Abstract
Background: Pancreatic cancer is one of the most recalcitrant cancers, and more effective therapy is needed. Pre-clinical studies have shown that patient-derived orthotopic xenograft (PDOX) mouse models of pancreatic cancer are effectively treated with oral recombinant methioninase (o-rMETase). Case Report: A 62-year-old woman diagnosed with stage IV pancreatic cancer was treated with the combination of 5-fluorouracil/leucovorin, irinotecan, and oxaliplatinum (FOLFIRINOX) every two weeks and o-rMETase twice a day as a supplement. The patient was also on a low-methionine diet. Disease progression was monitored by CA19-9 and computed tomography. The patient initially responded to FOLFIRINOX, shown by a great reduction in CA19-9 levels, with tumor shrinkage shown by computed tomography. The patient began taking o-rMETase and went on a low-methionine diet one year after diagnosis which she has maintained without side effects for 7 months. The patient’s CA19-9 level and tumor size remain stable 19 months after diagnosis. The patient is alive and has maintained a high performance status. Historical data show that less than 5% of stage IV pancreatic-cancer patients on FOLFIRINOX have stable disease 1.5 years after diagnosis. Conclusion: The combination of o-rMETase and FOLFIRINOX may be synergistic in stage IV pancreatic cancer.
- Pancreatic cancer
- stage IV
- FOLFIRINOX
- oral recombinant methioninase
- supplement
- combination therapy
- stable disease
- CA19-9
- methionine addiction
- Hoffman effect
Pancreatic cancer is the 3rd leading cause of cancer-related death in the United States and 4th in Japan (1, 2). Pancreatic cancer often progresses without symptoms, and most patients are not indicated for surgery because of tumor invasion of adjacent organs or distant metastases. Chemotherapy for advanced cases currently comprises FOLFIRINOX [5-fluorouracil (5-FU)/leucovorin, irinotecan, and oxaliplatinum] or gemcitabine (GEM) + nab-paclitaxel as first-line standard of care. However, these regimens only lead to 9-11 months median survival after initiation of therapy (3). This is a small improvement of previous standard of care first-line therapy with GEM alone, which resulted in approximately 6 months survival. More effective therapies are urgently needed for pancreatic cancer (3).

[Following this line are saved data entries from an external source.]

text \<open>Reduced modulo \<open>l\<close>, a monic polynomial of positive degree cannot divide a nonzero constant.\<close>

lemma monic_mult_neq_const_plus_smult:
  fixes f T K :: "int poly"
  assumes monic: "lead_coeff f = 1" and deg: "degree f \<ge> 1" and "\<not> l dvd c"
  shows "f * T \<noteq> [:c:] + smult l K"
proof
  assume eq: "f * T = [:c:] + smult l K"
  show False
  proof (cases "\<forall>i. l dvd coeff T i")
    case True
    have "c = coeff f 0 * coeff T 0 - l * coeff K 0"
      using arg_cong[OF eq, of "\<lambda>p. coeff p 0"] by (simp add: coeff_mult_0)
    then have "l dvd c" using True by simp
    then show False using assms(3) by simp
  next
    case False
    define d where "d = (GREATEST i. \<not> l dvd coeff T i)"
    have bound: "i \<le> degree T" if "\<not> l dvd coeff T i" for i
      using that by (metis coeff_eq_0 dvd_0_right not_le_imp_less)
    obtain i0 where i0: "\<not> l dvd coeff T i0" using False by blast
    have d: "\<not> l dvd coeff T d"
      unfolding d_def by (rule GreatestI_nat[of _ i0 "degree T"]) (use i0 bound in auto)
    have above: "l dvd coeff T i" if "d < i" for i
    proof (rule ccontr)
      assume "\<not> l dvd coeff T i"
      then have "i \<le> d" unfolding d_def by (rule Greatest_le_nat[of _ _ "degree T"]) (use bound in auto)
      then show False using that by simp
    qed
    have "[coeff (f * T) (degree f + d) = coeff T d] (mod l)"
      using monic above by (rule coeff_monic_mult_top_cong)
    moreover have "coeff (f * T) (degree f + d) = l * coeff K (degree f + d)"
      using eq deg by (simp add: coeff_pCons split: nat.split)
    ultimately have "l dvd coeff T d"
      by (metis cong_dvd_iff cong_sym dvd_triv_left)
    then show False using d by simp
  qed
qed
lemma edge_cost_S_gt_le:
  assumes wh: "weighted_hypergraph V b es" and run: "cover_run b es Ts"
  shows "real_of_rat (edge_cost es (S_gt V b es Ts r)) \<le> 2 powr (1 - real_of_int r) * real_of_rat (sum b V)"
proof -
  define S where "S = S_gt V b es Ts r"
  define w where "w t = 2 powr (1 - real_of_int (lev b es t (Ts!t)))" for t
  have finV: "finite V" and bpos: "\<And>v. v \<in> V \<Longrightarrow> 0 < b v"
    using wh unfolding weighted_hypergraph_def by auto
  have finS: "finite S"
    unfolding S_def S_gt_def by simp
  have cost_le: "real_of_rat (snd (es!t)) \<le> (\<Sum>v | v \<in> V \<and> v \<in> Ts!t. w t * real_of_rat (b v))"
    if "t \<in> S" for t
    using S_gt_memD[of t V b es Ts r] that unfolding S_def w_def
    by (auto intro: cost_le_sum_chosen[OF wh run])
  have "real_of_rat (edge_cost es S) \<le> (\<Sum>t\<in>S. \<Sum>v | v \<in> V \<and> v \<in> Ts!t. w t * real_of_rat (b v))"
    unfolding edge_cost_def of_rat_sum using cost_le by (rule sum_mono)
  also have "\<dots> = (\<Sum>v\<in>V. real_of_rat (b v) * (\<Sum>t | t \<in> S \<and> v \<in> Ts!t. w t))"
    using finS finV by (simp add: sum.swap_restrict[of S V] sum_distrib_left mult.commute)
  also have "\<dots> \<le> (\<Sum>v\<in>V. real_of_rat (b v) * 2 powr (1 - real_of_int r))"
  proof (intro sum_mono mult_left_mono)
    fix v assume "v \<in> V"
    then show "0 \<le> real_of_rat (b v)"
      using bpos by (simp add: less_imp_le)
    show "(\<Sum>t | t \<in> S \<and> v \<in> Ts!t. w t) \<le> 2 powr (1 - real_of_int r)"
      unfolding w_def using finS S_gt_memD[of _ V b es Ts r] unfolding S_def
      by (intro sum_lev_chosen_le[OF run]) auto
  qed
  also have "\<dots> = 2 powr (1 - real_of_int r) * real_of_rat (sum b V)"
    by (simp add: of_rat_sum sum_distrib_right mult.commute)
  finally show ?thesis
    unfolding S_def .
qed

theorem lemma11:
  fixes V :: "'v set" and b :: "'v \<Rightarrow> rat" and es :: "'v stream"
    and Ts :: "'v set list" and OPT :: "nat set" and \<epsilon> :: real and rstar :: int
  assumes "weighted_hypergraph V b es"
    and "\<forall>v\<in>V. \<exists>i<length es. v \<in> fst (es!i)"
    and "min_edge_cover V es OPT"
    and "cover_run b es Ts"
    and "0 < \<epsilon>" and "\<epsilon> < 1"
    and "real_of_rat (sum b (I_le V b es Ts rstar)) \<le> \<epsilon> * real_of_rat (sum b V)"
    and "\<forall>r. real_of_rat (sum b (I_le V b es Ts r)) \<le> \<epsilon> * real_of_rat (sum b V) \<longrightarrow> r \<le> rstar"
  shows "real_of_rat (edge_cost es (S_gt V b es Ts rstar)) < 8 * real_of_rat (edge_cost es OPT) / \<epsilon>"
proof -
  define B where "B = real_of_rat (sum b V)"
  define C where "C = real_of_rat (edge_cost es OPT)"
  have C_nonneg: "0 \<le> C"
    using assms(3) unfolding C_def min_edge_cover_def edge_cover_def
    by (simp add: edge_cost_nonneg[OF assms(1)])
  have "\<epsilon> * B < real_of_rat (sum b (I_le V b es Ts (rstar + 1)))"
    using assms(8)[rule_format, of "rstar + 1"] unfolding B_def by linarith
  also have "\<dots> \<le> 2 powr (rstar + 1) * C"
    using assms(3) unfolding C_def min_edge_cover_def
    by (intro sum_I_le_le_cover_cost[OF assms(1,4)]) blast
  finally have "B < 2 powr (rstar + 1) * C / \<epsilon>"
    using assms(5) by (simp add: pos_less_divide_eq mult.commute)
  have "real_of_rat (edge_cost es (S_gt V b es Ts rstar)) \<le> 2 powr (1 - real_of_int rstar) * B"
    unfolding B_def using edge_cost_S_gt_le[OF assms(1,4)] .
  also have "\<dots> < 2 powr (1 - real_of_int rstar) * (2 powr (rstar + 1) * C / \<epsilon>)"
    using \<open>B < _\<close> by (rule mult_strict_left_mono) simp
  also have "\<dots> = 4 * C / \<epsilon>"
    by (simp add: powr_add powr_diff)
  also have "\<dots> \<le> 8 * C / \<epsilon>"
    using C_nonneg assms(5) by (simp add: divide_right_mono)
  finally show ?thesis
    unfolding C_def .
qed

Methionine addiction is a fundamental and general hallmark of cancer (4-6) and is termed the Hoffman effect (7). Pre-clinical studies have demonstrated that methionine addiction is a potent target for pancreatic cancer (8). Methionine addiction of cancer is due to a much higher than normal methionine requirement of cancer cells, which appears to be due to excess transmethylation reactions (9-11).
Methionine-restricted cancer cells selectively arrest in late S/G2 of the cell cycle (12). Therefore, antimetabolites (13, 14) and alkylating agents (15-17) tend to show synergistic effects with methionine restriction. Thus, methionine restriction can be synergistic with chemotherapy in pancreatic cancer, especially FOLFIRINOX, which uses an antimetabolite (5-FU) and an alkylating agent (oxaliplatinum). 5-FU has been shown to have a synergistic effect combined with methionine restriction in gastric cancer in the clinic (18).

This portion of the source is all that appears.